▶ _Exercise_
Every line of the records below from the line with "(simp add: hd_take)" up to and including the line with "ultimately show ?thesis" must be reproduced exactly, and no line outside that range.

--- START ---

definition kd_connected :: "'a set \<Rightarrow> ('a \<times> 'a) set \<Rightarrow> nat \<Rightarrow> real \<Rightarrow> 'a set \<Rightarrow> bool" where
  "kd_connected V E k d A \<longleftrightarrow>
     (\<forall>S. S \<subseteq> V \<longrightarrow> card S + 1 \<le> k \<longrightarrow>
        (\<forall>x \<in> A - S. \<forall>y \<in> A - S. \<exists>xs. is_path E xs \<and> hd xs = x \<and> last xs = y \<and>
            real (length xs - 1) \<le> d \<and> set xs \<inter> S = {}))"

definition out_degree :: "('a \<times> 'a) set \<Rightarrow> 'a \<Rightarrow> nat" where
  "out_degree E x = card {y. (x, y) \<in> E}"

definition min_out_degree :: "'a set \<Rightarrow> ('a \<times> 'a) set \<Rightarrow> nat" where
  "min_out_degree V E = Min (out_degree E ` V)"

end

theory Submission imports Defs begin

text \<open>Let \<open>n = |V|\<close>. Call \<open>W \<subseteq> V\<close> nearly closed if every vertex of \<open>W\<close> has at most
\<open>c (n - |W|)\<close> out-neighbours outside \<open>W\<close>; \<open>V\<close> is nearly closed, so there is a smallest nearly
closed set \<open>W\<close>. Fix \<open>S\<close> with \<open>|S| < k\<close> and \<open>x \<in> W - S\<close>, and grow the balls of radius
\<open>t \<le> L \<approx> 8/\<epsilon>\<^sup>2\<close> around \<open>x\<close> in \<open>W - S\<close>. Some layer adds at most \<open>n/L\<close> vertices; if that ball
missed \<open>\<epsilon>n/2\<close> vertices of \<open>W\<close>, it would itself be nearly closed (an edge leaves it only through
an exit of \<open>W\<close>, into \<open>S\<close>, or into the thin layer), contradicting minimality. So the
radius-\<open>L\<close> ball misses fewer than \<open>\<epsilon>n/2\<close> vertices of \<open>W\<close>, and every vertex with at least
\<open>\<epsilon>n/2\<close> in-neighbours in \<open>W\<close> is reached within \<open>L + 1\<close> steps. Inside \<open>W\<close> out-degrees are at
least \<open>\<delta>\<^sup>+ - cn\<close>, and double counting the edges of \<open>W\<close> yields at least \<open>\<delta>\<^sup>+ - cn - \<epsilon>n/2\<close>
such vertices.\<close>

lemma is_path_take:
  assumes "is_path E xs" "i < length xs"
  shows "is_path E (take (Suc i) xs)"
  using assms unfolding is_path_def by auto

lemma is_path_snoc:
  assumes "is_path E xs" "(last xs, u) \<in> E" "u \<notin> set xs"
  shows "is_path E (xs @ [u])"
  unfolding is_path_def
proof (intro conjI allI impI)
  show "distinct (xs @ [u])" using assms(1,3) by (simp add: is_path_def)
  fix i assume i: "i + 1 < length (xs @ [u])"
  show "((xs @ [u]) ! i, (xs @ [u]) ! (i + 1)) \<in> E"
  proof (cases "i + 1 < length xs")
    case True
    then show ?thesis using assms(1) by (simp add: is_path_def nth_append)
  next
    case False
    then have "i = length xs - 1" using i by simp
    then show ?thesis using assms(1,2) by (simp add: is_path_def nth_append last_conv_nth)
  qed
qed simp

definition path_ball :: "('a \<times> 'a) set \<Rightarrow> 'a set \<Rightarrow> 'a \<Rightarrow> nat \<Rightarrow> 'a set" where
  "path_ball E U x t =
     {v. \<exists>xs. is_path E xs \<and> hd xs = x \<and> last xs = v \<and> length xs \<le> t + 1 \<and> set xs \<subseteq> U}"

lemma path_ball_mono: "t \<le> t' \<Longrightarrow> path_ball E U x t \<subseteq> path_ball E U x t'"
  unfolding path_ball_def by fastforce

lemma path_ball_subset: "path_ball E U x t \<subseteq> U"
  unfolding path_ball_def by (auto simp: is_path_def)

lemma centre_in_path_ball: "x \<in> U \<Longrightarrow> x \<in> path_ball E U x t"
  unfolding path_ball_def by (rule CollectI, rule exI[of _ "[x]"]) (simp add: is_path_def)

lemma path_ball_Suc:
  assumes "v \<in> path_ball E U x t" "(v, u) \<in> E" "u \<in> U"
  shows "u \<in> path_ball E U x (Suc t)"
proof -
  obtain xs where xs: "is_path E xs" "hd xs = x" "last xs = v" "length xs \<le> t + 1" "set xs \<subseteq> U"
    using assms(1) unfolding path_ball_def by blast
  have "xs \<noteq> []" using xs(1) by (simp add: is_path_def)
  show ?thesis
  proof (cases "u \<in> set xs")
    case True
    then obtain i where i: "i < length xs" "xs ! i = u" by (metis in_set_conv_nth)
    have "is_path E (take (Suc i) xs)" using is_path_take[OF xs(1) i(1)] .
    moreover have "set (take (Suc i) xs) \<subseteq> U" using xs(5) by (meson order.trans set_take_subset)
    moreover have "hd (take (Suc i) xs) = x" using xs(2) by (simp add: hd_take)
    moreover have "last (take (Suc i) xs) = u" using i by (simp add: take_Suc_conv_app_nth)
    ultimately show ?thesis
      using xs(4) unfolding path_ball_def by (intro CollectI exI[of _ "take (Suc i) xs"]) auto
  next
    case False
    have "is_path E (xs @ [u])" using is_path_snoc[OF xs(1) _ False] xs(3) assms(2) by simp
    then show ?thesis
      using xs \<open>xs \<noteq> []\<close> assms(3) unfolding path_ball_def by (auto intro!: exI[of _ "xs @ [u]"])
  qed
qed

lemma exists_small_increment:
  fixes f :: "nat \<Rightarrow> real"
  assumes "L > 0" "f L - f 0 \<le> b"
  shows "\<exists>t<L. f (Suc t) - f t \<le> b / L"
proof (rule ccontr)
  assume "\<not> ?thesis"
  then have "(\<Sum>t<L. b / L) < (\<Sum>t<L. f (Suc t) - f t)"
    using assms(1) by (intro sum_strict_mono) auto
  then show False using assms by (simp add: sum_lessThan_telescope)
qed

lemma of_nat_card_Diff_subset:
  assumes "finite A" "B \<subseteq> A"
  shows "real (card (A - B)) = real (card A) - real (card B)"
  using assms by (simp add: card_Diff_subset card_mono of_nat_diff finite_subset)

definition nearly_closed :: "'a set \<Rightarrow> ('a \<times> 'a) set \<Rightarrow> real \<Rightarrow> 'a set \<Rightarrow> bool" where
  "nearly_closed V E c W \<longleftrightarrow> W \<subseteq> V \<and> W \<noteq> {} \<and>
     (\<forall>w\<in>W. real (card (E `` {w} - W)) \<le> c * (real (card V) - real (card W)))"

lemma nearly_closed_whole:
  assumes "V \<noteq> {}" "E \<subseteq> V \<times> V"
  shows "nearly_closed V E c V"
proof -
  have "card (E `` {w} - V) = 0" for w
    using Image_subset[OF assms(2)] by (metis Diff_eq_empty_iff card.empty)
  then show ?thesis unfolding nearly_closed_def using assms(1) by simp
qed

--- END ---

▶ _Solution for this exercise_
    moreover have "hd (take (Suc i) xs) = x" using xs(2) by (simp add: hd_take)
    moreover have "last (take (Suc i) xs) = u" using i by (simp add: take_Suc_conv_app_nth)
    ultimately show ?thesis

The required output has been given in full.